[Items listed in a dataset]

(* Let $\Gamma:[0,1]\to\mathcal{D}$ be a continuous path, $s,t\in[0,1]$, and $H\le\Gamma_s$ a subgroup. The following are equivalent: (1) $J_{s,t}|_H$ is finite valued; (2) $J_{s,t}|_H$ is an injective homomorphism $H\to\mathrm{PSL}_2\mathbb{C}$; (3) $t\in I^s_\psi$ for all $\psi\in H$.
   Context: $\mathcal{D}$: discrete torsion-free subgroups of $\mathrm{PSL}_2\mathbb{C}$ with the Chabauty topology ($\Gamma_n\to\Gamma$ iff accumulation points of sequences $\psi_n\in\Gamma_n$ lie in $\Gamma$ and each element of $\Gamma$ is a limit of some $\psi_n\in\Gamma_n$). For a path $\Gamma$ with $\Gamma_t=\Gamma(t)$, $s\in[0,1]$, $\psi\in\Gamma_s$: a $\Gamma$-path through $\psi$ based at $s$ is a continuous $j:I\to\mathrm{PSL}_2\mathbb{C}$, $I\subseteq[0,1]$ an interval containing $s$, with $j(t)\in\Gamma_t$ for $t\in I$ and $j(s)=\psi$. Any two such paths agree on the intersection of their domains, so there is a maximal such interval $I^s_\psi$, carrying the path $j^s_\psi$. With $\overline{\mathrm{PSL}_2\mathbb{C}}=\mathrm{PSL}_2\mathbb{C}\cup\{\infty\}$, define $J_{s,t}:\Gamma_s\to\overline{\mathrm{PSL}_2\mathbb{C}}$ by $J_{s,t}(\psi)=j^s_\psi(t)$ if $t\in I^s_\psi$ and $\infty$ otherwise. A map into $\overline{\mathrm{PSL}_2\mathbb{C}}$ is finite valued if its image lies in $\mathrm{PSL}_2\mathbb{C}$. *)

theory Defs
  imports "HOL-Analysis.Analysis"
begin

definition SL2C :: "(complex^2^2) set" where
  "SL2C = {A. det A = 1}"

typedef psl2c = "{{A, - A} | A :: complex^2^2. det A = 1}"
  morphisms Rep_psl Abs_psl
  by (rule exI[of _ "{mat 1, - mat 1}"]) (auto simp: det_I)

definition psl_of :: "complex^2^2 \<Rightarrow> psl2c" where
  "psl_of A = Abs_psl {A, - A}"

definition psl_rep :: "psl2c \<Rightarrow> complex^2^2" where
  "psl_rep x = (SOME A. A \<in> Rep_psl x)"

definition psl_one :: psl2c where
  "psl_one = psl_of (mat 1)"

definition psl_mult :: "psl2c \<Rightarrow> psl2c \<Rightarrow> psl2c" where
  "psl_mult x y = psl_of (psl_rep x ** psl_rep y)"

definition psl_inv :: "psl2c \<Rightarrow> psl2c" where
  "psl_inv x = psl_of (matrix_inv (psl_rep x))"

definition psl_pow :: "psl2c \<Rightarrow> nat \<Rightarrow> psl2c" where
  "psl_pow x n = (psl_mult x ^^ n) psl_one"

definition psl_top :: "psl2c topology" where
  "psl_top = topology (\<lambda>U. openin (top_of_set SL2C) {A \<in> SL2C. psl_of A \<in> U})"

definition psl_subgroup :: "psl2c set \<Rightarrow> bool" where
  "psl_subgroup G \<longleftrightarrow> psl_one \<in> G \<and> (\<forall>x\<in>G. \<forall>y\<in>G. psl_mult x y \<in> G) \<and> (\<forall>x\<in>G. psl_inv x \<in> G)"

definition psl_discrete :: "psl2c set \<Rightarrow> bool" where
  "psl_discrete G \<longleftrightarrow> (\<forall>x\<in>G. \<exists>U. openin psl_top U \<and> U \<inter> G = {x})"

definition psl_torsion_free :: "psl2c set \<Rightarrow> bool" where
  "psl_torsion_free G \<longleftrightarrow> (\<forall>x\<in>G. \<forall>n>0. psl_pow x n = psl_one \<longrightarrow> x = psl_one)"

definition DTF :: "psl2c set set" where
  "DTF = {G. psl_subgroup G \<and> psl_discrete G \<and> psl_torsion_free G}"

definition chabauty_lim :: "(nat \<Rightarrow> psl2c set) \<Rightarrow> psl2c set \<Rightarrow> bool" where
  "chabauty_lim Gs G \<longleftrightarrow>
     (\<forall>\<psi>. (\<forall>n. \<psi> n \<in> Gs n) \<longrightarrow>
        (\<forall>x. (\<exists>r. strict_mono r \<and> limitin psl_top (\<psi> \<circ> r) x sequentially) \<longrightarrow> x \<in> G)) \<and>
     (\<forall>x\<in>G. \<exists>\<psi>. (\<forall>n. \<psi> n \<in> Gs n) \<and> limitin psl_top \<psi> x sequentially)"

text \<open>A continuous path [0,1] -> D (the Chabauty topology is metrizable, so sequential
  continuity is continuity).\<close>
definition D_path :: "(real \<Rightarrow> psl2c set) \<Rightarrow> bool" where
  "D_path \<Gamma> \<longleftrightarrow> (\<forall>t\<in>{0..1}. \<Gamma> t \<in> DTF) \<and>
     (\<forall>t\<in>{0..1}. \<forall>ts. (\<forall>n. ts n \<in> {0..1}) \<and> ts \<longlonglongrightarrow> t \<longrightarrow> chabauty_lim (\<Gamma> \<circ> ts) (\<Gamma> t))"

■ Required work
Set all of the entries down again, exactly as they were given.

■ Task answer
(* Let $\Gamma:[0,1]\to\mathcal{D}$ be a continuous path, $s,t\in[0,1]$, and $H\le\Gamma_s$ a subgroup. The following are equivalent: (1) $J_{s,t}|_H$ is finite valued; (2) $J_{s,t}|_H$ is an injective homomorphism $H\to\mathrm{PSL}_2\mathbb{C}$; (3) $t\in I^s_\psi$ for all $\psi\in H$.
   Context: $\mathcal{D}$: discrete torsion-free subgroups of $\mathrm{PSL}_2\mathbb{C}$ with the Chabauty topology ($\Gamma_n\to\Gamma$ iff accumulation points of sequences $\psi_n\in\Gamma_n$ lie in $\Gamma$ and each element of $\Gamma$ is a limit of some $\psi_n\in\Gamma_n$). For a path $\Gamma$ with $\Gamma_t=\Gamma(t)$, $s\in[0,1]$, $\psi\in\Gamma_s$: a $\Gamma$-path through $\psi$ based at $s$ is a continuous $j:I\to\mathrm{PSL}_2\mathbb{C}$, $I\subseteq[0,1]$ an interval containing $s$, with $j(t)\in\Gamma_t$ for $t\in I$ and $j(s)=\psi$. Any two such paths agree on the intersection of their domains, so there is a maximal such interval $I^s_\psi$, carrying the path $j^s_\psi$. With $\overline{\mathrm{PSL}_2\mathbb{C}}=\mathrm{PSL}_2\mathbb{C}\cup\{\infty\}$, define $J_{s,t}:\Gamma_s\to\overline{\mathrm{PSL}_2\mathbb{C}}$ by $J_{s,t}(\psi)=j^s_\psi(t)$ if $t\in I^s_\psi$ and $\infty$ otherwise. A map into $\overline{\mathrm{PSL}_2\mathbb{C}}$ is finite valued if its image lies in $\mathrm{PSL}_2\mathbb{C}$. *)

theory Defs
  imports "HOL-Analysis.Analysis"
begin

definition SL2C :: "(complex^2^2) set" where
  "SL2C = {A. det A = 1}"

typedef psl2c = "{{A, - A} | A :: complex^2^2. det A = 1}"
  morphisms Rep_psl Abs_psl
  by (rule exI[of _ "{mat 1, - mat 1}"]) (auto simp: det_I)

definition psl_of :: "complex^2^2 \<Rightarrow> psl2c" where
  "psl_of A = Abs_psl {A, - A}"

definition psl_rep :: "psl2c \<Rightarrow> complex^2^2" where
  "psl_rep x = (SOME A. A \<in> Rep_psl x)"

definition psl_one :: psl2c where
  "psl_one = psl_of (mat 1)"

definition psl_mult :: "psl2c \<Rightarrow> psl2c \<Rightarrow> psl2c" where
  "psl_mult x y = psl_of (psl_rep x ** psl_rep y)"

definition psl_inv :: "psl2c \<Rightarrow> psl2c" where
  "psl_inv x = psl_of (matrix_inv (psl_rep x))"

definition psl_pow :: "psl2c \<Rightarrow> nat \<Rightarrow> psl2c" where
  "psl_pow x n = (psl_mult x ^^ n) psl_one"

definition psl_top :: "psl2c topology" where
  "psl_top = topology (\<lambda>U. openin (top_of_set SL2C) {A \<in> SL2C. psl_of A \<in> U})"

definition psl_subgroup :: "psl2c set \<Rightarrow> bool" where
  "psl_subgroup G \<longleftrightarrow> psl_one \<in> G \<and> (\<forall>x\<in>G. \<forall>y\<in>G. psl_mult x y \<in> G) \<and> (\<forall>x\<in>G. psl_inv x \<in> G)"

definition psl_discrete :: "psl2c set \<Rightarrow> bool" where
  "psl_discrete G \<longleftrightarrow> (\<forall>x\<in>G. \<exists>U. openin psl_top U \<and> U \<inter> G = {x})"

definition psl_torsion_free :: "psl2c set \<Rightarrow> bool" where
  "psl_torsion_free G \<longleftrightarrow> (\<forall>x\<in>G. \<forall>n>0. psl_pow x n = psl_one \<longrightarrow> x = psl_one)"

definition DTF :: "psl2c set set" where
  "DTF = {G. psl_subgroup G \<and> psl_discrete G \<and> psl_torsion_free G}"

definition chabauty_lim :: "(nat \<Rightarrow> psl2c set) \<Rightarrow> psl2c set \<Rightarrow> bool" where
  "chabauty_lim Gs G \<longleftrightarrow>
     (\<forall>\<psi>. (\<forall>n. \<psi> n \<in> Gs n) \<longrightarrow>
        (\<forall>x. (\<exists>r. strict_mono r \<and> limitin psl_top (\<psi> \<circ> r) x sequentially) \<longrightarrow> x \<in> G)) \<and>
     (\<forall>x\<in>G. \<exists>\<psi>. (\<forall>n. \<psi> n \<in> Gs n) \<and> limitin psl_top \<psi> x sequentially)"

text \<open>A continuous path [0,1] -> D (the Chabauty topology is metrizable, so sequential
  continuity is continuity).\<close>
definition D_path :: "(real \<Rightarrow> psl2c set) \<Rightarrow> bool" where
  "D_path \<Gamma> \<longleftrightarrow> (\<forall>t\<in>{0..1}. \<Gamma> t \<in> DTF) \<and>
     (\<forall>t\<in>{0..1}. \<forall>ts. (\<forall>n. ts n \<in> {0..1}) \<and> ts \<longlonglongrightarrow> t \<longrightarrow> chabauty_lim (\<Gamma> \<circ> ts) (\<Gamma> t))"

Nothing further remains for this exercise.